lemma young_l1_l2_finite:
  fixes u v :: "int \<times> int \<Rightarrow> real"
  assumes u0: "\<And>j. 0 \<le> u j" and vb: "\<And>A. finite A \<Longrightarrow> L2_set v A \<le> c"
    and J: "finite J" and A: "finite A"
  shows "L2_set (\<lambda>k. \<Sum>j\<in>J. u j * v (k - j)) A \<le> (\<Sum>j\<in>J. u j) * c"
  using J
proof (induction J rule: finite_induct)
  case empty thus ?case by (simp add: L2_set_def)
next
  case (insert x J)
  have shift: "L2_set (\<lambda>k. v (k - x)) A \<le> c"
  proof -
    have inj: "inj_on (\<lambda>k. k - x) A" by (rule inj_onI) simp
    have "L2_set (\<lambda>k. v (k - x)) A = L2_set v ((\<lambda>k. k - x) ` A)"
      unfolding L2_set_def using sum.reindex[OF inj, of "\<lambda>m. (v m)\<^sup>2"] by (simp add: o_def)
    also have "\<dots> \<le> c" by (rule vb) (use A in auto)
    finally show ?thesis .
  qed
  have "L2_set (\<lambda>k. \<Sum>j\<in>insert x J. u j * v (k - j)) A
      = L2_set (\<lambda>k. u x * v (k - x) + (\<Sum>j\<in>J. u j * v (k - j))) A"
    using insert by simp
  also have "\<dots> \<le> L2_set (\<lambda>k. u x * v (k - x)) A + L2_set (\<lambda>k. \<Sum>j\<in>J. u j * v (k - j)) A"
    by (rule L2_set_triangle_ineq)
  also have "L2_set (\<lambda>k. u x * v (k - x)) A = u x * L2_set (\<lambda>k. v (k - x)) A"
    using u0 by (simp add: L2_set_right_distrib)
  also have "u x * L2_set (\<lambda>k. v (k - x)) A \<le> u x * c"
    using shift u0 by (rule mult_left_mono)
  finally show ?case using insert by (simp add: distrib_right)
qed

lemma young_l1_l2:
  fixes u v :: "int \<times> int \<Rightarrow> real"
  assumes u0: "\<And>j. 0 \<le> u j" and v0: "\<And>j. 0 \<le> v j" and us: "u summable_on UNIV"
    and ub: "\<And>F. finite F \<Longrightarrow> sum u F \<le> c1"
    and vb: "\<And>A. finite A \<Longrightarrow> L2_set v A \<le> c2"
    and A: "finite A"
  shows "L2_set (conv u v) A \<le> c1 * c2"
proof -
  have vc: "v m \<le> c2" for m using vb[of "{m}"] v0[of m] by simp
  have c20: "0 \<le> c2" using vb[of "{}"] by simp
  have sm: "(\<lambda>j. u j * v (k - j)) summable_on UNIV" for k
  proof (rule summable_on_comparison_test[OF summable_on_cmult_left[OF us, of c2]])
    fix j :: "int \<times> int"
    show "u j * v (k - j) \<le> u j * c2" using mult_left_mono[OF vc u0] .
    show "0 \<le> u j * v (k - j)" using u0 v0 by simp
  qed
  have lim: "((\<lambda>J. L2_set (\<lambda>k. \<Sum>j\<in>J. u j * v (k - j)) A) \<longlongrightarrow> L2_set (conv u v) A)
      (finite_subsets_at_top UNIV)"
  proof -
    have "((\<lambda>J. \<Sum>j\<in>J. u j * v (k - j)) \<longlongrightarrow> conv u v k) (finite_subsets_at_top UNIV)" for k
      using has_sum_infsum[OF sm[of k]] unfolding has_sum_def conv_def .
    thus ?thesis unfolding L2_set_def by (intro tendsto_intros)
  qed
  have "\<forall>\<^sub>F J in finite_subsets_at_top UNIV. L2_set (\<lambda>k. \<Sum>j\<in>J. u j * v (k - j)) A \<le> c1 * c2"
  proof (rule eventually_finite_subsets_at_top_weakI)
    fix J :: "(int \<times> int) set" assume "finite J" "J \<subseteq> UNIV"
    thus "L2_set (\<lambda>k. \<Sum>j\<in>J. u j * v (k - j)) A \<le> c1 * c2"
      using young_l1_l2_finite[OF u0 vb _ A] ub c20 by (meson mult_right_mono order_trans)
  qed
  thus ?thesis by (rule tendsto_upperbound[OF lim]) simp
qed

section \<open>The quadratic term\<close>

text \<open>\<open>flux f g\<close> is the Fourier transform of \<open>\<nabla> \<cdot> (u g)\<close> with \<open>u\<close> the velocity of \<open>f\<close>, so
  that \<open>flux_div f = flux f f\<close>; \<open>reg_flux \<mu> f g\<close> applies \<open>(1 + \<mu>\<Lambda>)\<^sup>-\<^sup>1\<close> to it.\<close>
definition flux :: "(int \<times> int \<Rightarrow> complex) \<Rightarrow> (int \<times> int \<Rightarrow> complex) \<Rightarrow> int \<times> int \<Rightarrow> complex" where
  "flux f g k = \<i> * (of_int (fst k) * (\<Sum>\<^sub>\<infinity>j. fst (vel f j) * g (k - j))
                   + of_int (snd k) * (\<Sum>\<^sub>\<infinity>j. snd (vel f j) * g (k - j)))"

definition reg_flux :: "real \<Rightarrow> (int \<times> int \<Rightarrow> complex) \<Rightarrow> (int \<times> int \<Rightarrow> complex) \<Rightarrow> int \<times> int \<Rightarrow> complex" where
  "reg_flux \<mu> f g k = flux f g k / of_real (1 + \<mu> * knorm k)"

lemma flux_div_eq_flux: "flux_div f = flux f f"
  by (rule ext) (simp add: flux_div_def flux_def minus_prod_def)

lemma rQG_integrand_eq_reg_flux:
  "flux_div f k / of_real (1 + \<mu> * knorm k powr (2 * (1/2))) = reg_flux \<mu> f f k"
  by (simp add: reg_flux_def flux_div_eq_flux)

lemma reg_flux_zero_freq [simp]: "reg_flux \<mu> f g (0, 0) = 0"
  by (simp add: reg_flux_def flux_def)

lemma cmod_vel_le: "cmod (fst (vel f j)) \<le> cmod (f j)" "cmod (snd (vel f j)) \<le> cmod (f j)"
proof -
  have "cmod (fst (vel f j)) \<le> cmod (f j) \<and> cmod (snd (vel f j)) \<le> cmod (f j)"
  proof (cases "j = (0, 0)")
    case True thus ?thesis by (simp add: vel_def)
  next
    case False
    have kp: "0 < knorm j" by (rule knorm_pos[OF False])
    have "cmod (fst (vel f j)) = (\<bar>real_of_int (snd j)\<bar> / knorm j) * cmod (f j)"
      using False kp by (simp add: vel_def norm_mult norm_divide)
    also have "\<dots> \<le> 1 * cmod (f j)"
      using abs_snd_le_knorm[of j] kp by (intro mult_right_mono) auto
    finally have "cmod (fst (vel f j)) \<le> cmod (f j)" by simp
    moreover have "cmod (snd (vel f j)) = (\<bar>real_of_int (fst j)\<bar> / knorm j) * cmod (f j)"
      using False kp by (simp add: vel_def norm_mult norm_divide)
    moreover have "\<dots> \<le> 1 * cmod (f j)"
      using abs_fst_le_knorm[of j] kp by (intro mult_right_mono) auto
    ultimately show ?thesis by simp
  qed
  thus "cmod (fst (vel f j)) \<le> cmod (f j)" "cmod (snd (vel f j)) \<le> cmod (f j)" by auto
qed

lemma vel_diff:
  "fst (vel (\<lambda>j. f j - g j) j) = fst (vel f j) - fst (vel g j)"
  "snd (vel (\<lambda>j. f j - g j) j) = snd (vel f j) - snd (vel g j)"
  by (simp_all add: vel_def algebra_simps diff_divide_distrib)

lemma vel_uminus:
  assumes "hermitian f"
  shows "fst (vel f (- j)) = cnj (fst (vel f j))" "snd (vel f (- j)) = cnj (snd (vel f j))"
proof -
  have "f (- j) = cnj (f j)" using assms unfolding hermitian_def by blast
  moreover have "(- j = (0, 0)) = (j = (0, 0))" by (cases j) auto
  ultimately show "fst (vel f (- j)) = cnj (fst (vel f j))" "snd (vel f (- j)) = cnj (snd (vel f j))"
    unfolding vel_def by (simp_all add: complex_cnj_mult)
qed

lemma convolution_summable:
  assumes "l1_bound f L" "\<And>m. cmod (g m) \<le> G" "\<And>j. cmod (a j) \<le> cmod (f j)"
  shows "(\<lambda>j. a j * g (k - j)) summable_on UNIV"
    and "(\<lambda>j. cmod (f j) * cmod (g (k - j))) summable_on UNIV"
proof -
  have s: "(\<lambda>j. cmod (f j) * G) summable_on UNIV"
    by (rule summable_on_cmult_left[OF l1_bound_summable(1)[OF assms(1)]])
  show s2: "(\<lambda>j. cmod (f j) * cmod (g (k - j))) summable_on UNIV"
    by (rule summable_on_comparison_test[OF s]) (simp_all add: mult_left_mono assms(2))
  show "(\<lambda>j. a j * g (k - j)) summable_on UNIV"
    unfolding summable_on_iff_abs_summable_on_complex
    by (rule summable_on_comparison_test[OF s2]) (simp_all add: norm_mult mult_right_mono assms(3))
qed

lemma infsum_diff:
  fixes f g :: "'a \<Rightarrow> 'b::{topological_ab_group_add, t2_space}"
  assumes "f summable_on A" "g summable_on A"
  shows "(\<Sum>\<^sub>\<infinity>x\<in>A. f x - g x) = infsum f A - infsum g A"
  using infsum_add[OF assms(1), of "\<lambda>x. - g x"] assms(2)
  by (simp add: summable_on_uminus infsum_uminus)

lemma flux_diff_left:
  assumes f: "l1_bound f Lf" and g: "l1_bound g Lg" and h: "\<And>m. cmod (h m) \<le> H"
  shows "flux (\<lambda>j. f j - g j) h k = flux f h k - flux g h k"
proof -
  have split: "(\<Sum>\<^sub>\<infinity>j. (c f j - c g j) * h (k - j))
      = (\<Sum>\<^sub>\<infinity>j. c f j * h (k - j)) - (\<Sum>\<^sub>\<infinity>j. c g j * h (k - j))"
    if "\<And>F j. cmod (c F j) \<le> cmod (F j)" for c
    using infsum_diff[OF convolution_summable(1)[of f Lf h H "c f" k, OF f h that]
        convolution_summable(1)[of g Lg h H "c g" k, OF g h that]]
    by (simp only: left_diff_distrib)
  show ?thesis
    unfolding flux_def vel_diff
    using split[of "\<lambda>F j. fst (vel F j)", OF cmod_vel_le(1)] split[of "\<lambda>F j. snd (vel F j)", OF cmod_vel_le(2)]
    by (simp only:) (simp add: algebra_simps)
qed

lemma flux_diff_right:
  assumes f: "l1_bound f L" and g: "\<And>m. cmod (g m) \<le> G" and h: "\<And>m. cmod (h m) \<le> H"
  shows "flux f (\<lambda>j. g j - h j) k = flux f g k - flux f h k"
proof -
  have split: "(\<Sum>\<^sub>\<infinity>j. a j * (g (k - j) - h (k - j)))
      = (\<Sum>\<^sub>\<infinity>j. a j * g (k - j)) - (\<Sum>\<^sub>\<infinity>j. a j * h (k - j))"
    if "\<And>j. cmod (a j) \<le> cmod (f j)" for a
    using infsum_diff[OF convolution_summable(1)[of f L g G a k, OF f g that]
        convolution_summable(1)[of f L h H a k, OF f h that]]
    by (simp only: right_diff_distrib)
  show ?thesis
    unfolding flux_def
    using split[of "\<lambda>j. fst (vel f j)", OF cmod_vel_le(1)] split[of "\<lambda>j. snd (vel f j)", OF cmod_vel_le(2)]
    by (simp only:) (simp add: algebra_simps)
qed

lemma reg_flux_diag_diff:
  assumes "l1_bound f Lf" "l1_bound g Lg" "\<And>m. cmod (f m) \<le> Gf" "\<And>m. cmod (g m) \<le> Gg"
  shows "reg_flux \<mu> f f k - reg_flux \<mu> g g k
    = reg_flux \<mu> (\<lambda>j. f j - g j) f k + reg_flux \<mu> g (\<lambda>j. f j - g j) k"
proof -
  have "flux f f k - flux g g k = flux (\<lambda>j. f j - g j) f k + flux g (\<lambda>j. f j - g j) k"
    using flux_diff_left[OF assms(1,2,3)] flux_diff_right[OF assms(2,3,4)] by simp
  thus ?thesis unfolding reg_flux_def by (simp add: diff_divide_distrib[symmetric] add_divide_distrib[symmetric])
qed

Work task.
Scan the records for the string "times" and report each line where it occurs.

Answer to this exercise.
  fixes u v :: "int \<times> int \<Rightarrow> real"
  fixes u v :: "int \<times> int \<Rightarrow> real"
    fix j :: "int \<times> int"
    fix J :: "(int \<times> int) set" assume "finite J" "J \<subseteq> UNIV"
definition flux :: "(int \<times> int \<Rightarrow> complex) \<Rightarrow> (int \<times> int \<Rightarrow> complex) \<Rightarrow> int \<times> int \<Rightarrow> complex" where
definition reg_flux :: "real \<Rightarrow> (int \<times> int \<Rightarrow> complex) \<Rightarrow> (int \<times> int \<Rightarrow> complex) \<Rightarrow> int \<times> int \<Rightarrow> complex" where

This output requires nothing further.